The ASCO Annual Meeting, held from May 31- June 4 in Chicago, included more than 30,000 attendees which included specialists, patient advocates and industry representatives from the U.S. and around the world.
As more breakthroughs continue to be unveiled, researchers aim to refine their findings to help physicians and patients make decisions tailored to their type of breast cancer. At this year’s meeting, updates from groundbreaking studies on early-stage breast cancer were presented.
ER-positive/ HER2-negative breast cancer.
At last year’s ASCO Annual Meeting, the TAILORx clinical trial made headlines. The trial, supported in part by BCRF, revealed that 70 percent of women diagnosed with early-stage breast cancer could forego chemotherapy (opting for anti-estrogen therapy alone).
These finding were based on recurrence score results from the Oncotype DX® test, a blood test for early-stage breast cancer patients may undergo. If a patient received a score that was low (0-10) or intermediate (11-25), the study found no added benefit of chemotherapy. However, the results were less clear for women under 50 with an intermediate Oncotype DX® recurrence score of 16-25, for whom chemotherapy reduced the risk of recurrence.
This year researchers shared updates from the TAILORx trial bringing clarity to predicting risk of breast cancer recurrence in women under 50. In a secondary analysis, the investigative team sought to determine whether integration of recurrence score and clinical risk stratification – where the patient’s tumor size and histologic grade were taken into consideration – could help identify premenopausal women who might stand to benefit from more aggressive anti-estrogen therapy, such as ovarian suppression.

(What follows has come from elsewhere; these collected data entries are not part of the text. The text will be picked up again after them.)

lemma not_diametrical_if_branch_before_only:
  assumes vi: "branches_at i \<subseteq> {y 1}" and a: "a \<in> branches_at (i - 1)"
    and after: "branches_at (i + 1) = {}"
  shows "\<not> diametrical V E"
proof -
  have ii: "3 \<le> i" "i + 3 \<le> D" using i_ge_3 i_add_3_le_D by auto
  have aV: "a \<in> V" "a \<notin> set ps" using a by (auto simp: branches_at_def)
  let ?o = "[v 0, a, y 3, v D]" and ?t = "[v (i - 2), a, v i, v (i + 1)]"
  have dist: "d (v 0) (v (i - 2)) = i - 2" "d (v 0) a = i" "d (v 0) (v i) = i"
    "d (v 0) (v (i + 1)) = i + 1"
    "d a (v (i - 2)) = 2" "d a a = 0" "d a (v i) = 2" "d a (v (i + 1)) = 3"
    "d (y 3) (v (i - 2)) = 5" "d (y 3) a = 5" "d (y 3) (v i) = 3" "d (y 3) (v (i + 1)) = 4"
    "d (v D) (v (i - 2)) = D - i + 2" "d (v D) a = D - i + 2" "d (v D) (v i) = D - i"
    "d (v D) (v (i + 1)) = D - i - 1"
    using d_v_v[of 0] d_v_v[of D] d_v_pendant[OF _ _ a] d_pendant_v[OF _ _ a] d_y_v[of 3]
      d_y_pendant_next[OF _ a, of 3] aV(1) ii ell_ge_3
    by auto
  have "a \<noteq> y 3" using pendant_notin_limb[OF _ a] limb_length ell_ge_3 ii by force
  then have "distinct ?o"
    using v_eq_iff[of 0 D] v_in_path[of 0] v_in_path[of D] aV y_notin_path[of 3] ell_ge_3 ii
    by auto
  let ?Q = "\<lambda>x. \<exists>k<4. \<forall>j<4. j \<noteq> k \<longrightarrow> d (?o ! k) x < d (?o ! k) (?t ! j)"
  have by_v0: "?Q x" if "d (v 0) x < i" for x
    using that dist by (intro exI[of _ 0]) (simp add: nat_less_numeral_expand)
  have by_a: "?Q x" if "d a x < 2" for x
    using that dist by (intro exI[of _ 1]) (simp add: nat_less_numeral_expand)
  have by_y3: "?Q x" if "d (y 3) x < 4" for x
    using that dist by (intro exI[of _ 2]) (simp add: nat_less_numeral_expand)
  have by_vD: "?Q x" if "d (v D) x < D - i" for x
    using that dist ii by (intro exI[of _ 3]) (simp add: nat_less_numeral_expand)
  have "?Q (v (i - 1))" "?Q (v i)" "?Q (v (i + 1))" "?Q (y 1)" "?Q (v (i + 2))"
    using by_v0[of "v (i - 1)"] by_y3[of "v i"] by_vD[of "v (i + 1)"] by_y3[of "y 1"]
      by_vD[of "v (i + 2)"] d_v_v[of 0] d_v_v[of D] d_y_v[of 3] d_y_y[of 1 3]
      d_commute[OF y_in_V y_in_V, of 1 3] ii ell_ge_3
    by auto
  have "private_targets V E 4 ((!) ?o) ((!) ?t)"
  proof
    show "inj_on ((!) ?o) {..<4}" using \<open>distinct ?o\<close> by (simp add: inj_on_nth)
    show "\<forall>k<4. ?o ! k \<in> V" "\<forall>k<4. ?t ! k \<in> V"
      using v_in_V[of 0] v_in_V[of D] v_in_V[of "i - 2"] v_in_V[of i] v_in_V[of "i + 1"] aV
        y_in_V ell_ge_3 ii
      by (auto simp: nat_less_numeral_expand)
    show "\<forall>k<4. \<forall>j<4. j \<noteq> k \<longrightarrow> max 1 (d (?o ! k) (?t ! k)) < d (?o ! k) (?t ! j)"
      using dist ii by (simp add: nat_less_numeral_expand; arith)
    show "\<forall>x\<in>V. (\<exists>j<4. d x (?t ! j) \<le> 1) \<longrightarrow> ?Q x"
    proof (intro ballI impI)
      fix x assume x: "x \<in> V" "\<exists>j<4. d x (?t ! j) \<le> 1"
      then consider "d x (v (i - 2)) \<le> 1" | "d x a \<le> 1" | "d x (v i) \<le> 1" | "d x (v (i + 1)) \<le> 1"
        by (auto simp: nat_less_numeral_expand)
      then show "?Q x"
      proof cases
        case 1
        have "d (v 0) x \<le> d (v 0) (v (i - 2)) + d (v (i - 2)) x"
          using gdist_triangle[OF connected v_in_V v_in_V x(1)] ii by auto
        with 1 dist(1) d_commute[OF x(1) v_in_V, of "i - 2"] ii show ?thesis by (intro by_v0) auto
      next
        case 2
        then show ?thesis using by_a d_commute[OF x(1) aV(1)] by simp
      next
        case 3
        then have "x \<in> {v (i - 1), v i, v (i + 1), y 1}"
          using near_path_vertex[OF i_le_D x(1)] vi by auto
        then show ?thesis using \<open>?Q (v (i - 1))\<close> \<open>?Q (v i)\<close> \<open>?Q (v (i + 1))\<close> \<open>?Q (y 1)\<close> by auto
      next
        case 4
        then have "x \<in> {v i, v (i + 1), v (i + 2)}"
          using near_path_vertex[of "i + 1"] x(1) after ii by auto
        then show ?thesis using \<open>?Q (v i)\<close> \<open>?Q (v (i + 1))\<close> \<open>?Q (v (i + 2))\<close> by auto
      qed
    qed
  qed (simp_all add: connected)
  moreover have "D < (\<Sum>k<4. max 1 (d (?o ! k) (?t ! k)))"
  proof -
    have "(\<Sum>k<4. max 1 (d (?o ! k) (?t ! k))) = max 1 (i - 2) + 1 + 3 + max 1 (D - i - 1)"
      using dist by (simp add: nat_less_numeral_expand)
    with ii show ?thesis by arith
  qed
  ultimately show ?thesis by (rule private_targets.not_diametrical)
qed
lemma nn_integral_gaussian_real_finite:
  "(\<integral>\<^sup>+ x. ennreal (exp (- (x::real)\<^sup>2 / 2)) \<partial>lborel) < \<infinity>"
proof -
  have "(\<integral>\<^sup>+ x. ennreal (exp (- (x::real)\<^sup>2 / 2)) \<partial>lborel)
      = (\<integral>\<^sup>+ x. ennreal (sqrt (2*pi) * std_normal_density x) \<partial>lborel)"
    by (intro nn_integral_cong) (simp add: std_normal_density_def)
  also have "\<dots> = ennreal (sqrt (2*pi)) * (\<integral>\<^sup>+ x. ennreal (std_normal_density x) \<partial>lborel)"
    by (subst nn_integral_cmult[symmetric]) (auto simp: ennreal_mult)
  also have "(\<integral>\<^sup>+ x. ennreal (std_normal_density x) \<partial>lborel) = ennreal 1"
    by (subst nn_integral_eq_integral) auto
  finally show ?thesis by (simp add: ennreal_mult_less_top)
qed

lemma nn_integral_gaussian_complex_finite:
  "(\<integral>\<^sup>+ z. ennreal (exp (- (norm (z::complex))\<^sup>2 / 2)) \<partial>lborel) < \<infinity>"
proof -
  have "(\<integral>\<^sup>+ z. ennreal (exp (- (norm (z::complex))\<^sup>2 / 2)) \<partial>lborel) =
        (\<integral>\<^sup>+ (z::complex). (\<Prod>b\<in>Basis. (\<lambda>b x. ennreal (exp (- x\<^sup>2 / 2))) b (z \<bullet> b)) \<partial>lborel)"
  proof (intro nn_integral_cong)
    fix z :: complex
    have "exp (- (norm z)\<^sup>2 / 2) = exp (- (Re z)\<^sup>2 / 2) * exp (- (Im z)\<^sup>2 / 2)"
      by (simp add: cmod_power2 exp_add[symmetric] add_divide_distrib)
    thus "ennreal (exp (- (norm z)\<^sup>2 / 2)) = (\<Prod>b\<in>Basis. (\<lambda>b x. ennreal (exp (- x\<^sup>2 / 2))) b (z \<bullet> b))"
      by (simp add: Basis_complex_def inner_complex_def ennreal_mult)
  qed
  also have "\<dots> = (\<Prod>b\<in>(Basis::complex set). (\<integral>\<^sup>+ x. ennreal (exp (- x\<^sup>2 / 2)) \<partial>lborel))"
    by (rule nn_integral_lborel_prod) auto
  also have "\<dots> < \<infinity>"
    using nn_integral_gaussian_real_finite by (simp add: Basis_complex_def ennreal_mult_less_top)
  finally show ?thesis .
qed

lemma fock_integral_const_finite:
  assumes p: "p \<ge> 1"
  shows "fock_integral p (\<lambda>_. c) < \<infinity>"
proof -
  have "fock_integral p (\<lambda>_. c)
      \<le> (\<integral>\<^sup>+ z. ennreal (norm c powr p) * ennreal (exp (- (norm (z::complex))\<^sup>2 / 2)) \<partial>lborel)"
    unfolding fock_integral_def
  proof (rule nn_integral_mono)
    fix z :: complex
    have "fock_weight z powr p = exp (- ((norm z) ^ 2) / 2 * p)"
      by (simp add: fock_weight_def exp_powr_real)
    also have "\<dots> \<le> exp (- (norm z)\<^sup>2 / 2)"
      using p mult_left_mono[of 1 p "(norm z)^2"] by simp
    finally have "(norm c * fock_weight z) powr p \<le> norm c powr p * exp (- (norm z)\<^sup>2 / 2)"
      by (simp add: powr_mult mult_left_mono)
    thus "ennreal ((norm c * fock_weight z) powr p)
        \<le> ennreal (norm c powr p) * ennreal (exp (- (norm z)\<^sup>2 / 2))"
      by (simp add: ennreal_mult'[symmetric] ennreal_leI)
  qed
  also have "\<dots> = ennreal (norm c powr p) * (\<integral>\<^sup>+ z. ennreal (exp (- (norm (z::complex))\<^sup>2 / 2)) \<partial>lborel)"
    by (rule nn_integral_cmult) measurable
  also have "\<dots> < \<infinity>"
    using nn_integral_gaussian_complex_finite by (simp add: ennreal_mult_less_top)
  finally show ?thesis .
qed

section \<open>Weyl shifts\<close>

definition weyl_shift :: "complex \<Rightarrow> (complex \<Rightarrow> complex) \<Rightarrow> complex \<Rightarrow> complex" where
  "weyl_shift a g = (\<lambda>z. g (z - a) * exp (cnj a * z))"

lemma norm_exp_cnj_mult_fock_weight:
  "norm (exp (cnj a * z)) * fock_weight z = exp ((norm a)^2/2) * fock_weight (z - a)"
proof -
  have "Re (cnj a * z) - (norm z)^2/2 = (norm a)^2/2 - (norm (z - a))^2/2"
    unfolding cmod_power2 by (simp add: power2_eq_square field_simps)
  hence "exp (Re (cnj a * z)) * exp (- ((norm z) ^ 2) / 2)
      = exp ((norm a)^2/2) * exp (- ((norm (z - a)) ^ 2) / 2)"
    by (simp add: exp_add[symmetric])
  thus ?thesis by (simp add: fock_weight_def norm_exp)
qed

lemma nn_integral_lborel_translate:
  fixes F :: "complex \<Rightarrow> ennreal"
  assumes [measurable]: "F \<in> borel_measurable borel"
  shows "(\<integral>\<^sup>+ z. F (z - a) \<partial>lborel) = (\<integral>\<^sup>+ z. F z \<partial>lborel)"
proof -
  have "(\<integral>\<^sup>+ z. F z \<partial>lborel) = (\<integral>\<^sup>+ z. F z \<partial>(distr lborel borel ((+) (-a))))"
    by (simp add: lborel_distr_plus)
  also have "\<dots> = (\<integral>\<^sup>+ z. F (-a + z) \<partial>lborel)"
    by (subst nn_integral_distr) auto
  finally show ?thesis by simp
qed

lemma fock_integral_weyl_shift:
  assumes g: "continuous_on UNIV g" and p: "p \<ge> 0"
  shows "fock_integral p (weyl_shift a g) = ennreal (exp ((norm a)^2/2) powr p) * fock_integral p g"
proof -
  note mg = borel_measurable_fock_integrand(2)[OF g, of p]
  have [measurable]: "g \<in> borel_measurable borel"
    using g borel_measurable_continuous_onI by blast
  have "fock_integral p (weyl_shift a g) = (\<integral>\<^sup>+ z. ennreal (exp ((norm a)^2/2) powr p) *
      ennreal ((norm (g (z - a)) * fock_weight (z - a)) powr p) \<partial>lborel)"
    unfolding fock_integral_def
  proof (intro nn_integral_cong)
    fix z
    have "norm (weyl_shift a g z) * fock_weight z = exp ((norm a)^2/2) * (norm (g (z - a)) * fock_weight (z - a))"
      using norm_exp_cnj_mult_fock_weight[of a z] by (simp add: weyl_shift_def norm_mult mult_ac)
    thus "ennreal ((norm (weyl_shift a g z) * fock_weight z) powr p) = ennreal (exp ((norm a)^2/2) powr p) *
        ennreal ((norm (g (z - a)) * fock_weight (z - a)) powr p)"
      by (simp add: powr_mult ennreal_mult'[symmetric])
  qed
  also have "\<dots> = ennreal (exp ((norm a)^2/2) powr p) *
      (\<integral>\<^sup>+ z. ennreal ((norm (g (z - a)) * fock_weight (z - a)) powr p) \<partial>lborel)"
    by (rule nn_integral_cmult) measurable
  also have "(\<integral>\<^sup>+ z. ennreal ((norm (g (z - a)) * fock_weight (z - a)) powr p) \<partial>lborel) = fock_integral p g"
    unfolding fock_integral_def using nn_integral_lborel_translate[OF mg, of a] by simp
  finally show ?thesis .
qed

lemma holomorphic_weyl_shift:
  assumes "g holomorphic_on UNIV"
  shows "weyl_shift a g holomorphic_on UNIV"
  unfolding weyl_shift_def using assms
  by (intro holomorphic_intros holomorphic_on_compose_gen[where g=g and f="\<lambda>z. z - a" and t=UNIV, unfolded o_def])
     auto

lemma in_fock_weyl_shift_iff:
  assumes g: "g holomorphic_on UNIV" and p: "p \<ge> 0"
  shows "in_fock p (weyl_shift a g) \<longleftrightarrow> in_fock p g"
  using g p holomorphic_weyl_shift[OF g]
    fock_integral_weyl_shift[OF holomorphic_on_imp_continuous_on[OF g] p]
  by (auto simp: in_fock_iff_fock_integral ennreal_mult_less_top)

lemma deriv_weyl_shift:
  assumes g: "g holomorphic_on UNIV"
  shows "deriv (weyl_shift a g) = weyl_shift a (\<lambda>w. deriv g w + cnj a * g w)"
proof
  fix z
  have "(weyl_shift a g has_field_derivative
      deriv g (z - a) * exp (cnj a * z) + g (z - a) * (exp (cnj a * z) * cnj a)) (at z)"
    unfolding weyl_shift_def using g
    by (auto intro!: derivative_eq_intros DERIV_chain2[where f=g]
        holomorphic_derivI[of g UNIV, where T=UNIV, simplified])
  thus "deriv (weyl_shift a g) z = weyl_shift a (\<lambda>w. deriv g w + cnj a * g w) z"
    by (simp add: DERIV_imp_deriv weyl_shift_def algebra_simps)
qed

section \<open>Estimates along rays\<close>

lemma powr_above_tangent:
  fixes y m p :: real
  assumes "y \<ge> 0" "m \<ge> 0" "p \<ge> 1"
  shows "m powr p + p * m powr (p - 1) * (y - m) \<le> y powr p"
proof (cases "m = 0")
  case True thus ?thesis using assms by simp
next
  case False
  hence m0: "m > 0" using assms by simp
  show ?thesis
  proof (cases "y = 0")
    case True
    have "m powr p = m * m powr (p - 1)"
      using m0 by (simp add: powr_mult_base)
    hence "m powr p + p * m powr (p - 1) * (y - m) = (1 - p) * m powr p"
      using True by (simp add: algebra_simps)
    also have "\<dots> \<le> 0" using assms by (simp add: mult_nonpos_nonneg)
    finally show ?thesis using True by simp
  next
    case False
    hence y0: "y > 0" using assms by simp
    have d: "((\<lambda>x. x powr p) has_field_derivative p * m powr (p - 1)) (at m within {0<..})"
      using m0 by (auto intro!: derivative_eq_intros)
    have "y powr p - m powr p \<ge> p * m powr (p - 1) * (y - m)"
      by (rule convex_on_imp_above_tangent[OF powr_convex[OF assms(3)] _ _ _ d])
         (use m0 y0 in \<open>auto simp: interior_open\<close>)
    thus ?thesis by simp
  qed
qed

text \<open>Jensen's inequality for \<open>x \<mapsto> x powr p\<close> and the probability density \<open>\<rho> / (\<integral>\<rho>)\<close>,
  applied to \<open>f / \<rho>\<close>.\<close>

lemma integral_powr_le_weighted:
  fixes f \<rho> :: "real \<Rightarrow> real" and a b p :: real
  assumes p: "p \<ge> 1" and cf: "continuous_on {a..b} f" and cr: "continuous_on {a..b} \<rho>"
    and f0: "\<And>t. t \<in> {a..b} \<Longrightarrow> f t \<ge> 0" and r0: "\<And>t. t \<in> {a..b} \<Longrightarrow> \<rho> t > 0"
    and N0: "integral {a..b} \<rho> > 0"
  shows "(integral {a..b} f) powr p
    \<le> (integral {a..b} \<rho>) powr (p - 1) * integral {a..b} (\<lambda>t. f t powr p * \<rho> t powr (1 - p))"
proof -
  define N where "N = integral {a..b} \<rho>"
  define F where "F = integral {a..b} f"
  define m where "m = F / N"
  have N: "N > 0" using N0 by (simp add: N_def)
  have intf: "f integrable_on {a..b}" using cf by (rule integrable_continuous_interval)
  have intr: "\<rho> integrable_on {a..b}" using cr by (rule integrable_continuous_interval)
  have F0: "F \<ge> 0" unfolding F_def using f0 intf by (intro integral_nonneg) auto
  have m0: "m \<ge> 0" using N F0 by (simp add: m_def)
  have "continuous_on {a..b} (\<lambda>t. f t powr p * \<rho> t powr (1 - p))"
    using p f0 r0 by (intro continuous_on_mult continuous_on_powr' cf cr continuous_on_const)
      (auto simp: less_imp_le, metis less_irrefl)
  hence intg: "(\<lambda>t. f t powr p * \<rho> t powr (1 - p)) integrable_on {a..b}"
    by (rule integrable_continuous_interval)
  have tangent: "m powr p * \<rho> t + p * m powr (p - 1) * (f t - m * \<rho> t) \<le> f t powr p * \<rho> t powr (1 - p)"
    if t: "t \<in> {a..b}" for t
  proof -
    have rt: "\<rho> t > 0" and ft: "f t \<ge> 0" using r0 f0 t by auto
    have "(m powr p + p * m powr (p - 1) * (f t / \<rho> t - m)) * \<rho> t \<le> (f t / \<rho> t) powr p * \<rho> t"
      using rt ft m0 p by (intro mult_right_mono powr_above_tangent) auto
    also have "(f t / \<rho> t) powr p * \<rho> t = f t powr p * \<rho> t powr (1 - p)"
      using rt ft by (simp add: powr_divide powr_diff field_simps)
    also have "(m powr p + p * m powr (p - 1) * (f t / \<rho> t - m)) * \<rho> t =
        m powr p * \<rho> t + p * m powr (p - 1) * (f t - m * \<rho> t)"
      using rt by (simp add: field_simps)
    finally show ?thesis .
  qed
  have "integral {a..b} (\<lambda>t. m powr p * \<rho> t + p * m powr (p - 1) * (f t - m * \<rho> t))
        = m powr p * N + p * m powr (p - 1) * (F - m * N)"
    unfolding N_def F_def
    by (intro integral_unique has_integral_add has_integral_mult_right has_integral_diff
        integrable_integral intf intr)
  also have "F - m * N = 0" using N by (simp add: m_def)
  finally have "m powr p * N
      = integral {a..b} (\<lambda>t. m powr p * \<rho> t + p * m powr (p - 1) * (f t - m * \<rho> t))"
    by simp
  also have "\<dots> \<le> integral {a..b} (\<lambda>t. f t powr p * \<rho> t powr (1 - p))"
  proof (rule integral_le[OF _ intg tangent])
    show "(\<lambda>t. m powr p * \<rho> t + p * m powr (p - 1) * (f t - m * \<rho> t)) integrable_on {a..b}"
      by (intro integrable_continuous_interval continuous_intros cf cr)
  qed
  finally have le: "m powr p * N \<le> integral {a..b} (\<lambda>t. f t powr p * \<rho> t powr (1 - p))" .
  have "F powr p = N powr (p - 1) * (m powr p * N)"
  proof -
    have "F = m * N" using N by (simp add: m_def)
    hence "F powr p = m powr p * N powr p" using m0 N by (simp add: powr_mult)
    also have "N powr p = N powr (p - 1) * N" using N by (simp add: powr_diff)
    finally show ?thesis by simp
  qed
  also have "\<dots> \<le> N powr (p - 1) * integral {a..b} (\<lambda>t. f t powr p * \<rho> t powr (1 - p))"
    using le N by (intro mult_left_mono) auto
  finally show ?thesis by (simp add: N_def F_def)
qed
lemma emeasure_not_fill_dist_times_power_tendsto_0:
  fixes N :: "'a::euclidean_space \<Rightarrow> real" and x :: "nat \<Rightarrow> 'a"
  assumes "is_norm N" "bounded X" "emeasure lborel X > 0" "range x \<subseteq> X"
  shows "\<not> (\<lambda>n. real n * fill_dist N X (x ` {..<n}) ^ DIM('a)) \<longlonglongrightarrow> 0"
proof
  define h where "h n = fill_dist N X (x ` {..<n})" for n
  assume "(\<lambda>n. real n * h n ^ DIM('a)) \<longlonglongrightarrow> 0"
  obtain m where "m > 0" and m: "\<And>z. m * norm z \<le> N z"
    using is_norm_ge_mult_norm[OF assms(1)] by blast
  define c where "c = unit_ball_vol DIM('a) / m ^ DIM('a)"
  have "(\<lambda>n. ennreal (c * (real n * h n ^ DIM('a)))) \<longlonglongrightarrow> ennreal (c * 0)"
    by (intro tendsto_ennrealI tendsto_mult tendsto_const) fact
  then have "eventually (\<lambda>n. ennreal (c * (real n * h n ^ DIM('a))) < emeasure lborel X) sequentially"
    using assms(3) by (intro order_tendstoD) simp_all
  moreover have "eventually (\<lambda>n. emeasure lborel X \<le> ennreal (c * (real n * h n ^ DIM('a)))) sequentially"
    using eventually_ge_at_top[of 1]
  proof eventually_elim
    case (elim n)
    have "x 0 \<in> X" "x ` {..<n} \<noteq> {}"
      using assms(4) elim by (auto simp: lessThan_empty_iff)
    then have "0 \<le> unit_ball_vol DIM('a) * (h n / m) ^ DIM('a)"
      unfolding h_def using assms(1,2) \<open>m > 0\<close> by (simp add: fill_dist_nonneg)
    then have "card (x ` {..<n}) * (unit_ball_vol DIM('a) * (h n / m) ^ DIM('a))
        \<le> real n * (unit_ball_vol DIM('a) * (h n / m) ^ DIM('a))"
      by (intro mult_right_mono) (auto intro: order_trans[OF card_image_le])
    also have "\<dots> = c * (real n * h n ^ DIM('a))"
      by (simp add: c_def power_divide)
    finally show ?case
      using emeasure_le_card_fill_dist_power[OF assms(1,2) _ \<open>x ` {..<n} \<noteq> {}\<close> \<open>m > 0\<close> m]
      unfolding h_def by (auto intro: order_trans ennreal_leI)
  qed
  ultimately have "eventually (\<lambda>_. False) sequentially"
    by eventually_elim simp
  then show False
    by simp
qed

lemma geometric_decay_times_power_tendsto_0:
  fixes h :: "nat \<Rightarrow> real"
  assumes "0 < \<rho>" "\<rho> < 1" "k > 0"
    and "eventually (\<lambda>n. 0 \<le> h n \<and> h (Suc n) \<le> \<rho> * h n) sequentially"
  shows "(\<lambda>n. real n * h n ^ k) \<longlonglongrightarrow> 0"
proof -
  obtain K where K: "\<And>n. n \<ge> K \<Longrightarrow> 0 \<le> h n \<and> h (Suc n) \<le> \<rho> * h n"
    using assms(4) unfolding eventually_sequentially by blast
  have geometric: "h n \<le> h K * \<rho> ^ (n - K)" if "n \<ge> K" for n
    using that
  proof (induction n rule: dec_induct)
    case (step n)
    have "h (Suc n) \<le> \<rho> * h n"
      using K step.hyps(1) by blast
    also have "\<dots> \<le> \<rho> * (h K * \<rho> ^ (n - K))"
      using step.IH assms(1) by (intro mult_left_mono) auto
    also have "\<dots> = h K * \<rho> ^ (Suc n - K)"
      using step.hyps(1) by (simp add: Suc_diff_le)
    finally show ?case .
  qed simp
  define A where "A = (h K / \<rho> ^ K) ^ k"
  have bound: "norm (real n * h n ^ k) \<le> A * (real n * (\<rho> ^ k) ^ n)" if "n \<ge> K" for n
  proof -
    have "h n \<le> h K / \<rho> ^ K * \<rho> ^ n"
      using geometric[OF that] that assms(1) by (simp add: power_diff field_simps)
    then have "h n ^ k \<le> (h K / \<rho> ^ K * \<rho> ^ n) ^ k"
      using K[OF that] by (intro power_mono) auto
    also have "\<dots> = A * (\<rho> ^ n) ^ k"
      unfolding A_def by (rule power_mult_distrib)
    also have "\<dots> = A * (\<rho> ^ k) ^ n"
      by (simp add: power_mult[symmetric] mult.commute)
    finally have "real n * h n ^ k \<le> real n * (A * (\<rho> ^ k) ^ n)"
      by (rule mult_left_mono) simp
    then show ?thesis
      using K[OF that] by (simp add: mult_ac)
  qed
  then have "eventually (\<lambda>n. norm (real n * h n ^ k) \<le> A * (real n * (\<rho> ^ k) ^ n)) sequentially"
    unfolding eventually_sequentially by blast
  moreover have "(\<lambda>n. A * (real n * (\<rho> ^ k) ^ n)) \<longlonglongrightarrow> 0"
    using tendsto_mult_left[OF powser_times_n_limit_0, of "\<rho> ^ k" A] assms(1-3)
    by (simp add: power_less_one_iff)
  ultimately show ?thesis
    by (rule Lim_null_comparison)
qed

lemma limsup_less_obtains_real:
  fixes f :: "nat \<Rightarrow> real"
  assumes "limsup (\<lambda>n. ereal (f n)) < ereal c" "b < c"
  obtains r where "b < r" "r < c" "eventually (\<lambda>n. f n < r) sequentially"
proof -
  obtain L where L: "max (limsup (\<lambda>n. ereal (f n))) (ereal b) < L" "L < ereal c"
    using dense assms by (metis less_ereal.simps(1) max_less_iff_conj)
  then obtain r where "L = ereal r"
    by (cases L) auto
  moreover have "eventually (\<lambda>n. ereal (f n) < L) sequentially"
    using L by (intro Limsup_lessD) simp
  ultimately show ?thesis
    using that L by auto
qed

theorem theorem1:
  fixes X :: "(real ^ 'd) set" and N :: "real ^ 'd \<Rightarrow> real" and x :: "nat \<Rightarrow> real ^ 'd"
  assumes "compact X" and "emeasure lborel X > 0"
    and "is_norm N"
    and "inj x" and "range x \<subseteq> X"
  shows "limsup (\<lambda>n. ereal (mesh_ratio N X (x ` {..<n}))) \<ge> 2
       \<and> (SUP n\<in>{2..}. ereal (mesh_ratio N X (x ` {..<n}))) \<ge> 2"
proof -
  let ?MR = "\<lambda>n. mesh_ratio N X (x ` {..<n})"
  have "bounded X"
    using assms(1) by (rule compact_imp_bounded)
  have "limsup (\<lambda>n. ereal (?MR n)) \<ge> 2"
  proof (rule ccontr)
    assume "\<not> ?thesis"
    then have "limsup (\<lambda>n. ereal (?MR n)) < ereal 2"
      by simp
    then obtain r where "1 < r" "r < 2" and "eventually (\<lambda>n. ?MR n < r) sequentially"
      by (rule limsup_less_obtains_real[where b = 1]) auto
    then have "(\<lambda>n. real n * fill_dist N X (x ` {..<n}) ^ DIM(real ^ 'd)) \<longlonglongrightarrow> 0"
      using assms(3-5) \<open>bounded X\<close>
      by (intro geometric_decay_times_power_tendsto_0[where \<rho> = "r / 2"]
          fill_dist_decay_if_mesh_ratio_less) auto
    then show False
      using emeasure_not_fill_dist_times_power_tendsto_0[OF assms(3) \<open>bounded X\<close> assms(2,5)] by blast
  qed
  moreover have "limsup (\<lambda>n. ereal (?MR n)) \<le> (SUP n\<in>{2..}. ereal (?MR n))"
    unfolding limsup_INF_SUP by (rule INF_lower) simp
  ultimately show ?thesis
    by simp
qed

The analysis showed that for women under 50 with a recurrence score of 16-15, the addition of clinical risk stratification improved risk prediction. The clinical assessment did not improve risk prediction in low or high recurrence risk categories or in post-menopausal women. You can watch this short video with TAILORx lead investigator and BCRF researcher, Dr. Joseph Sparano discussing the results.
HER2-positive breast cancer. With the success of targeted therapies, HER2-positive breast cancer is now a treatable disease with several options. The standard approach includes neoadjuvant (pre-surgical) chemotherapy with one or more HER2-targeted therapies. Additional therapy after surgery includes chemotherapy plus HER2-directed therapy to reduce the risk of recurrence. For patients who show a pathological complete response (PCR) after neoadjuvant therapy, less therapy may be warranted.
In clinical trials, PCR after neoadjuvant therapy (no residual tumor at time of surgery) is often used as a prognostic marker and predictor of outcome. Questions remain however, on how residual disease after neoadjuvant therapy should guide subsequent adjuvant therapy.
This was illustrated by results presented from the KRISTINE trial, a phase III, randomized trial, which compared T-DM1 (trastuzumab emtansine) plus pertuzumab —a HER2-targeted regimen that omits standard chemotherapy—with the standard regimen of docetaxel, carboplatin, trastuzumab, and pertuzumab. Presenting the final analysis from the trial Dr. Sarah Hurvitz, University of California, Los Angeles, noted that patients with residual tumor cells after neoadjuvant therapy were equally like to experience disease progression regardless of the type of subsequent adjuvant therapy. She summarized that while no benefit was seen with TDM-1 without chemotherapy, patients reported less toxicity when compared with standard treatment.
In discussing results from KRISTINE and other ongoing clinical trials in early-stage, HER2-positive breast cancer, BCRF investigator, Dr. Mark Pegram stressed the challenges and opportunities in understanding the biology of the residual tumor to guiding subsequent adjuvant therapy, which may or may not include chemotherapy. Some large tumors may be good responders, he noted, but because of their initial mass, may not be completely eliminated by neoadjuvant therapy. These patients may do well to continue of HER2-directed therapy alone.
In other cases, the cells left behind after neoadjuvant therapy may be resistant to continued HER2 treatment. Understanding how to tell which the case is, is important to the patient and doctor in treatment decisions. “The burden is on us,” Dr. Pegram noted, “to identify molecular, genetic, imaging markers to identify patients who are most suitable for consideration of de-escalation strategies with T-DM1 or newer HER2 antibody-drug conjugates.”